### EXERCISE
From the line holding "(\<forall>a\<in>Q. \<forall>b\<in>Q. le a b \<longrightarrow> le" to the final line of the entries, set down each line exactly, including both, and nothing more.

### Saved data entries
··········

(* Let $\phi_1,\ldots,\phi_n\vdash\psi_0$ be a sequent of $NOM$. Suppose that for every orthomodular lattice $\mathcal Q$ and every function $[\![\cdot]\!]:\Phi\to\mathcal Q$ satisfying $[\![\phi\wedge\psi]\!]=[\![\phi]\!]\wedge[\![\psi]\!]$, $[\![\phi\rightarrow\psi]\!]=[\![\phi]\!]\rightarrow[\![\psi]\!]$, and $[\![\neg\phi]\!]=\neg[\![\phi]\!]$ for all formulas $\phi,\psi$, we have $[\![\phi_1]\!]\mathbin{\&}\cdots\mathbin{\&}[\![\phi_n]\!]\le[\![\psi_0]\!]$. Then $\phi_1,\ldots,\phi_n\vdash\psi_0$ is derivable in $NOM$.
   Context: $\Phi$ is the set of formulas of the propositional deductive system $NOM$: formulas are built from propositional letters using $\wedge$, $\rightarrow$, $\neg$. Sequents are $\phi_1,\ldots,\phi_n\vdash\psi$ ($n\ge0$) with antecedent a finite ordered sequence. With $\Gamma$ a finite possibly empty sequence of formulas and $\phi,\psi,\chi$ formulas, the rules of $NOM$ are: (assumption) $\Gamma,\phi\vdash\phi$; (cut) $\Gamma\vdash\phi$, $\Gamma,\phi\vdash\psi$ $\Rightarrow$ $\Gamma\vdash\psi$; (paste) $\Gamma\vdash\phi$, $\Gamma\vdash\psi$ $\Rightarrow$ $\Gamma,\phi\vdash\psi$; (compatible exchange) $\Gamma,\phi,\psi\vdash\phi$, $\Gamma,\phi,\psi\vdash\chi$, $\Gamma,\psi,\phi\vdash\psi$ $\Rightarrow$ $\Gamma,\psi,\phi\vdash\chi$; ($\wedge$-intro) $\Gamma\vdash\phi$, $\Gamma\vdash\psi$ $\Rightarrow$ $\Gamma\vdash\phi\wedge\psi$; ($\wedge$-elim) $\Gamma\vdash\phi\wedge\psi$ $\Rightarrow$ $\Gamma\vdash\phi$ and $\Rightarrow$ $\Gamma\vdash\psi$; ($\rightarrow$-intro) $\Gamma,\phi\vdash\psi$ $\Rightarrow$ $\Gamma\vdash\phi\rightarrow\psi$; ($\rightarrow$-elim) $\Gamma\vdash\phi\rightarrow\psi$ $\Rightarrow$ $\Gamma,\phi\vdash\psi$; (excluded middle) $\Gamma,\phi\vdash\psi$, $\Gamma,\neg\phi\vdash\psi$ $\Rightarrow$ $\Gamma\vdash\psi$; (explosion) $\Gamma\vdash\neg\phi$ $\Rightarrow$ $\Gamma,\phi\vdash\psi$. An orthomodular lattice is a bounded lattice with an order-reversing involution $\neg$ satisfying $a\wedge\neg a=\bot$, $a\vee\neg a=\top$, and $a\le b\Rightarrow a\vee(\neg a\wedge b)=b$. In it, $a\mathbin{\&}b=(a\vee\neg b)\wedge b$ and $a\rightarrow b=\neg a\vee(a\wedge b)$; $\&$ associates to the left and $a_1\mathbin{\&}\cdots\mathbin{\&}a_n=\top$ when $n=0$. *)

theory Defs
  imports Main
begin

datatype 'v form = Var 'v | And "'v form" "'v form" | Imp "'v form" "'v form" | Neg "'v form"

text \<open>Derivability in NOM. A sequent is a pair (antecedent list, succedent);
  the antecedent "Gamma, phi" is Gamma @ [phi].\<close>
inductive NOM :: "'v form list \<Rightarrow> 'v form \<Rightarrow> bool" where
  assumption: "NOM (\<Gamma> @ [\<phi>]) \<phi>"
| cut: "NOM \<Gamma> \<phi> \<Longrightarrow> NOM (\<Gamma> @ [\<phi>]) \<psi> \<Longrightarrow> NOM \<Gamma> \<psi>"
| paste: "NOM \<Gamma> \<phi> \<Longrightarrow> NOM \<Gamma> \<psi> \<Longrightarrow> NOM (\<Gamma> @ [\<phi>]) \<psi>"
| compat_exchange: "NOM (\<Gamma> @ [\<phi>, \<psi>]) \<phi> \<Longrightarrow> NOM (\<Gamma> @ [\<phi>, \<psi>]) \<chi> \<Longrightarrow>
     NOM (\<Gamma> @ [\<psi>, \<phi>]) \<psi> \<Longrightarrow> NOM (\<Gamma> @ [\<psi>, \<phi>]) \<chi>"
| and_intro: "NOM \<Gamma> \<phi> \<Longrightarrow> NOM \<Gamma> \<psi> \<Longrightarrow> NOM \<Gamma> (And \<phi> \<psi>)"
| and_elim1: "NOM \<Gamma> (And \<phi> \<psi>) \<Longrightarrow> NOM \<Gamma> \<phi>"
| and_elim2: "NOM \<Gamma> (And \<phi> \<psi>) \<Longrightarrow> NOM \<Gamma> \<psi>"
| imp_intro: "NOM (\<Gamma> @ [\<phi>]) \<psi> \<Longrightarrow> NOM \<Gamma> (Imp \<phi> \<psi>)"
| imp_elim: "NOM \<Gamma> (Imp \<phi> \<psi>) \<Longrightarrow> NOM (\<Gamma> @ [\<phi>]) \<psi>"
| excluded_middle: "NOM (\<Gamma> @ [\<phi>]) \<psi> \<Longrightarrow> NOM (\<Gamma> @ [Neg \<phi>]) \<psi> \<Longrightarrow> NOM \<Gamma> \<psi>"
| explosion: "NOM \<Gamma> (Neg \<phi>) \<Longrightarrow> NOM (\<Gamma> @ [\<phi>]) \<psi>"

definition oml :: "'a set \<Rightarrow> ('a \<Rightarrow> 'a \<Rightarrow> bool) \<Rightarrow> ('a \<Rightarrow> 'a \<Rightarrow> 'a) \<Rightarrow> ('a \<Rightarrow> 'a \<Rightarrow> 'a)
    \<Rightarrow> ('a \<Rightarrow> 'a) \<Rightarrow> 'a \<Rightarrow> 'a \<Rightarrow> bool" where
  "oml Q le mt jn ng bt tp \<longleftrightarrow>
     (\<forall>a\<in>Q. le a a) \<and>
     (\<forall>a\<in>Q. \<forall>b\<in>Q. le a b \<and> le b a \<longrightarrow> a = b) \<and>
     (\<forall>a\<in>Q. \<forall>b\<in>Q. \<forall>c\<in>Q. le a b \<and> le b c \<longrightarrow> le a c) \<and>
     (\<forall>a\<in>Q. \<forall>b\<in>Q. mt a b \<in> Q \<and> le (mt a b) a \<and> le (mt a b) b \<and>
        (\<forall>c\<in>Q. le c a \<and> le c b \<longrightarrow> le c (mt a b))) \<and>
     (\<forall>a\<in>Q. \<forall>b\<in>Q. jn a b \<in> Q \<and> le a (jn a b) \<and> le b (jn a b) \<and>
        (\<forall>c\<in>Q. le a c \<and> le b c \<longrightarrow> le (jn a b) c)) \<and>
     bt \<in> Q \<and> tp \<in> Q \<and> (\<forall>a\<in>Q. le bt a \<and> le a tp) \<and>
     (\<forall>a\<in>Q. ng a \<in> Q \<and> ng (ng a) = a) \<and>
     (\<forall>a\<in>Q. \<forall>b\<in>Q. le a b \<longrightarrow> le (ng b) (ng a)) \<and>
     (\<forall>a\<in>Q. mt a (ng a) = bt \<and> jn a (ng a) = tp) \<and>
     (\<forall>a\<in>Q. \<forall>b\<in>Q. le a b \<longrightarrow> jn a (mt (ng a) b) = b)"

··········

### ANSWER SPACE
     (\<forall>a\<in>Q. \<forall>b\<in>Q. le a b \<longrightarrow> le (ng b) (ng a)) \<and>
     (\<forall>a\<in>Q. mt a (ng a) = bt \<and> jn a (ng a) = tp) \<and>
     (\<forall>a\<in>Q. \<forall>b\<in>Q. le a b \<longrightarrow> jn a (mt (ng a) b) = b)"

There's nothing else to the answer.